(* Let $\widetilde{\mathcal M}$ be any single-demand diffusion auction mechanism and $\mathcal M$ the multi-demand mechanism obtained from it by the reduction. If $\widetilde{\mathcal M}$ is individually rational (resp. non-deficit, non-wasteful, efficient), then $\mathcal M$ is individually rational (resp. non-deficit, non-wasteful, efficient).
   Context: Single-demand model: a seller $s$ with $m\ge1$ identical items and a fixed neighbour set; buyers each want at most one item, have true valuation $v\ge0$ and true neighbour set, report a valuation $v'\ge 0$ and a subset of the true neighbour set; the profile graph has an edge $(x,y)$ iff $y$ is in the reported (for $s$: fixed) neighbour set of $x$; unreachable buyers get no item and pay $0$. A single-demand mechanism outputs $\pi_i\in\{0,1\}$ and $p_i\in\mathbb{R}$; utility $v_i\pi_i-p_i$. IR: every truthfully reporting buyer has nonnegative utility whatever the others report. ND: total payments $\ge0$ for every report profile. NW: number of items allocated $=\min\{m,\#\text{reachable buyers}\}$ for every report profile. Efficient: under truthful reports, $\sum_i v_i\pi_i$ equals the sum of the $m$ largest true valuations. Multi-demand model: same seller; buyers $B=\{1,\dots,n\}$; buyer $i$ has true profile $\eta_i=(\vec v_i,t_i)$ with $\vec v_i=(v_{i,1},\dots,v_{i,m})$, $v_{i,1}\ge\dots\ge v_{i,m}\ge0$ ($v_{i,j}$ is the value of its $j$-th item) and neighbour set $t_i\subseteq B$; it reports $\eta'_i=(\vec v'_i,t'_i)$ with $\vec v'_i\in\mathbb{R}^m_{\ge0}$, $t'_i\subseteq t_i$. A multi-demand mechanism outputs $\pi_{i,j}\in\{0,1\}$, $p_{i,j}\in\mathbb{R}$ ($1\le j\le m$); utility $u_i=\sum_j(v_{i,j}\pi_{i,j}-p_{i,j})$; revenue $\sum_{i,j}p_{i,j}$. IR, ND are as in the single-demand case; NW: $\sum_{i,j}\pi_{i,j}=\min\{m,\,m\cdot\#\text{reachable buyers}\}$; efficient: under truthful reports $\sum_{i,j}v_{i,j}\pi_{i,j}$ equals the sum of the $m$ largest values among all $v_{i,j}$. Reduction: given a multi-demand report profile $\eta'$, build a single-demand instance with buyer set $\widetilde B=\{i_j: i\in B,1\le j\le m\}$. Copy $i_j$ has true valuation $v_{i,j}$ and reported valuation $v'_{i,j}$. Neighbour sets: $i_j$ has neighbour $i_{j+1}$ for $j<m$ (both true and reported); $i_m$ has true neighbours $\{k_1:k\in t_i\}$ and reported neighbours $\{k_1:k\in t'_i\}$; the seller's neighbour set is $\{i_1: i\in r_s\}$. Each copy $i_j$ receives the priority of $i$. Apply $\widetilde{\mathcal M}$ to the resulting single-demand profile $\theta'$ and set $\pi_{i,j}(\eta')=\tilde\pi_{i_j}(\theta')$, $p_{i,j}(\eta')=\tilde p_{i_j}(\theta')$. *)

theory Defs
  imports Complex_Main
begin

text \<open>Buyers reachable from the seller in the graph whose edges are given by the
  neighbour function t (the seller's neighbour set is rs); B is the buyer set.\<close>
inductive_set reach :: "'a set \<Rightarrow> 'a set \<Rightarrow> ('a \<Rightarrow> 'a set) \<Rightarrow> 'a set"
  for B :: "'a set" and rs :: "'a set" and t :: "'a \<Rightarrow> 'a set" where
  seller_nbr: "x \<in> rs \<Longrightarrow> x \<in> B \<Longrightarrow> x \<in> reach B rs t"
| step: "x \<in> reach B rs t \<Longrightarrow> y \<in> t x \<Longrightarrow> y \<in> B \<Longrightarrow> y \<in> reach B rs t"

definition top_sum :: "nat \<Rightarrow> 'a set \<Rightarrow> ('a \<Rightarrow> real) \<Rightarrow> real" where
  "top_sum m A f = Max ((\<lambda>S. sum f S) ` {S. S \<subseteq> A \<and> card S = min m (card A)})"

text \<open>Environment: number of items m, finite buyer set B, seller's neighbour set rs.\<close>
definition env_ok :: "nat \<Rightarrow> 'a set \<Rightarrow> 'a set \<Rightarrow> bool" where
  "env_ok m B rs \<longleftrightarrow> 1 \<le> m \<and> finite B \<and> rs \<subseteq> B"

text \<open>A single-demand mechanism gets m, the buyer set, the seller's neighbour set,
  a priority function on buyers, the reported valuations and reported neighbour sets;
  it returns the allocation (True = gets an item) and the payments.\<close>
type_synonym 'c sd_mech =
  "nat \<Rightarrow> 'c set \<Rightarrow> 'c set \<Rightarrow> ('c \<Rightarrow> nat) \<Rightarrow> ('c \<Rightarrow> real) \<Rightarrow> ('c \<Rightarrow> 'c set)
     \<Rightarrow> ('c \<Rightarrow> bool) \<times> ('c \<Rightarrow> real)"

text \<open>True profile (v,t), report profile (v',t').\<close>
definition sd_feasible :: "'c set \<Rightarrow> ('c \<Rightarrow> real) \<Rightarrow> ('c \<Rightarrow> 'c set) \<Rightarrow> ('c \<Rightarrow> real) \<Rightarrow> ('c \<Rightarrow> 'c set) \<Rightarrow> bool" where
  "sd_feasible B v t v' t' \<longleftrightarrow>
     (\<forall>c\<in>B. 0 \<le> v c \<and> 0 \<le> v' c \<and> t c \<subseteq> B \<and> t' c \<subseteq> t c)"

definition sd_mechanism :: "'c sd_mech \<Rightarrow> bool" where
  "sd_mechanism M \<longleftrightarrow>
     (\<forall>m B rs prio v t v' t' c. env_ok m B rs \<and> sd_feasible B v t v' t' \<and>
        c \<in> B \<and> c \<notin> reach B rs t' \<longrightarrow>
        \<not> fst (M m B rs prio v' t') c \<and> snd (M m B rs prio v' t') c = 0)"

definition sd_IR :: "'c sd_mech \<Rightarrow> bool" where
  "sd_IR M \<longleftrightarrow>
     (\<forall>m B rs prio v t v' t' c. env_ok m B rs \<and> sd_feasible B v t v' t' \<and>
        c \<in> B \<and> v' c = v c \<and> t' c = t c \<longrightarrow>
        0 \<le> (if fst (M m B rs prio v' t') c then v c else 0) - snd (M m B rs prio v' t') c)"

definition sd_ND :: "'c sd_mech \<Rightarrow> bool" where
  "sd_ND M \<longleftrightarrow>
     (\<forall>m B rs prio v t v' t'. env_ok m B rs \<and> sd_feasible B v t v' t' \<longrightarrow>
        0 \<le> (\<Sum>c\<in>B. snd (M m B rs prio v' t') c))"

definition sd_NW :: "'c sd_mech \<Rightarrow> bool" where
  "sd_NW M \<longleftrightarrow>
     (\<forall>m B rs prio v t v' t'. env_ok m B rs \<and> sd_feasible B v t v' t' \<longrightarrow>
        card {c\<in>B. fst (M m B rs prio v' t') c} = min m (card (reach B rs t')))"

definition sd_EFF :: "'c sd_mech \<Rightarrow> bool" where
  "sd_EFF M \<longleftrightarrow>
     (\<forall>m B rs prio v t. env_ok m B rs \<and> sd_feasible B v t v t \<longrightarrow>
        (\<Sum>c\<in>B. if fst (M m B rs prio v t) c then v c else 0) = top_sum m (reach B rs t) v)"

text \<open>Valuation vectors are functions 'b => nat => real, the j-th item value
  being at index j, 1 <= j <= m.\<close>
type_synonym 'b md_mech =
  "nat \<Rightarrow> 'b set \<Rightarrow> 'b set \<Rightarrow> ('b \<Rightarrow> nat) \<Rightarrow> ('b \<Rightarrow> nat \<Rightarrow> real) \<Rightarrow> ('b \<Rightarrow> 'b set)
     \<Rightarrow> ('b \<Rightarrow> nat \<Rightarrow> bool) \<times> ('b \<Rightarrow> nat \<Rightarrow> real)"

definition md_feasible :: "nat \<Rightarrow> 'b set \<Rightarrow> ('b \<Rightarrow> nat \<Rightarrow> real) \<Rightarrow> ('b \<Rightarrow> 'b set)
    \<Rightarrow> ('b \<Rightarrow> nat \<Rightarrow> real) \<Rightarrow> ('b \<Rightarrow> 'b set) \<Rightarrow> bool" where
  "md_feasible m B v t v' t' \<longleftrightarrow>
     (\<forall>i\<in>B. (\<forall>j\<in>{1..m}. 0 \<le> v i j \<and> 0 \<le> v' i j) \<and>
            (\<forall>j\<in>{1..<m}. v i (j + 1) \<le> v i j) \<and>
            t i \<subseteq> B \<and> t' i \<subseteq> t i)"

Work order: There is a run of lines above from the one with "text \<open>Environment: number" to the one with "t') c \<and>"; print exactly that run, both ends included, and nothing else.

Exercise response:
text \<open>Environment: number of items m, finite buyer set B, seller's neighbour set rs.\<close>
definition env_ok :: "nat \<Rightarrow> 'a set \<Rightarrow> 'a set \<Rightarrow> bool" where
  "env_ok m B rs \<longleftrightarrow> 1 \<le> m \<and> finite B \<and> rs \<subseteq> B"

text \<open>A single-demand mechanism gets m, the buyer set, the seller's neighbour set,
  a priority function on buyers, the reported valuations and reported neighbour sets;
  it returns the allocation (True = gets an item) and the payments.\<close>
type_synonym 'c sd_mech =
  "nat \<Rightarrow> 'c set \<Rightarrow> 'c set \<Rightarrow> ('c \<Rightarrow> nat) \<Rightarrow> ('c \<Rightarrow> real) \<Rightarrow> ('c \<Rightarrow> 'c set)
     \<Rightarrow> ('c \<Rightarrow> bool) \<times> ('c \<Rightarrow> real)"

text \<open>True profile (v,t), report profile (v',t').\<close>
definition sd_feasible :: "'c set \<Rightarrow> ('c \<Rightarrow> real) \<Rightarrow> ('c \<Rightarrow> 'c set) \<Rightarrow> ('c \<Rightarrow> real) \<Rightarrow> ('c \<Rightarrow> 'c set) \<Rightarrow> bool" where
  "sd_feasible B v t v' t' \<longleftrightarrow>
     (\<forall>c\<in>B. 0 \<le> v c \<and> 0 \<le> v' c \<and> t c \<subseteq> B \<and> t' c \<subseteq> t c)"

definition sd_mechanism :: "'c sd_mech \<Rightarrow> bool" where
  "sd_mechanism M \<longleftrightarrow>
     (\<forall>m B rs prio v t v' t' c. env_ok m B rs \<and> sd_feasible B v t v' t' \<and>
        c \<in> B \<and> c \<notin> reach B rs t' \<longrightarrow>
        \<not> fst (M m B rs prio v' t') c \<and> snd (M m B rs prio v' t') c = 0)"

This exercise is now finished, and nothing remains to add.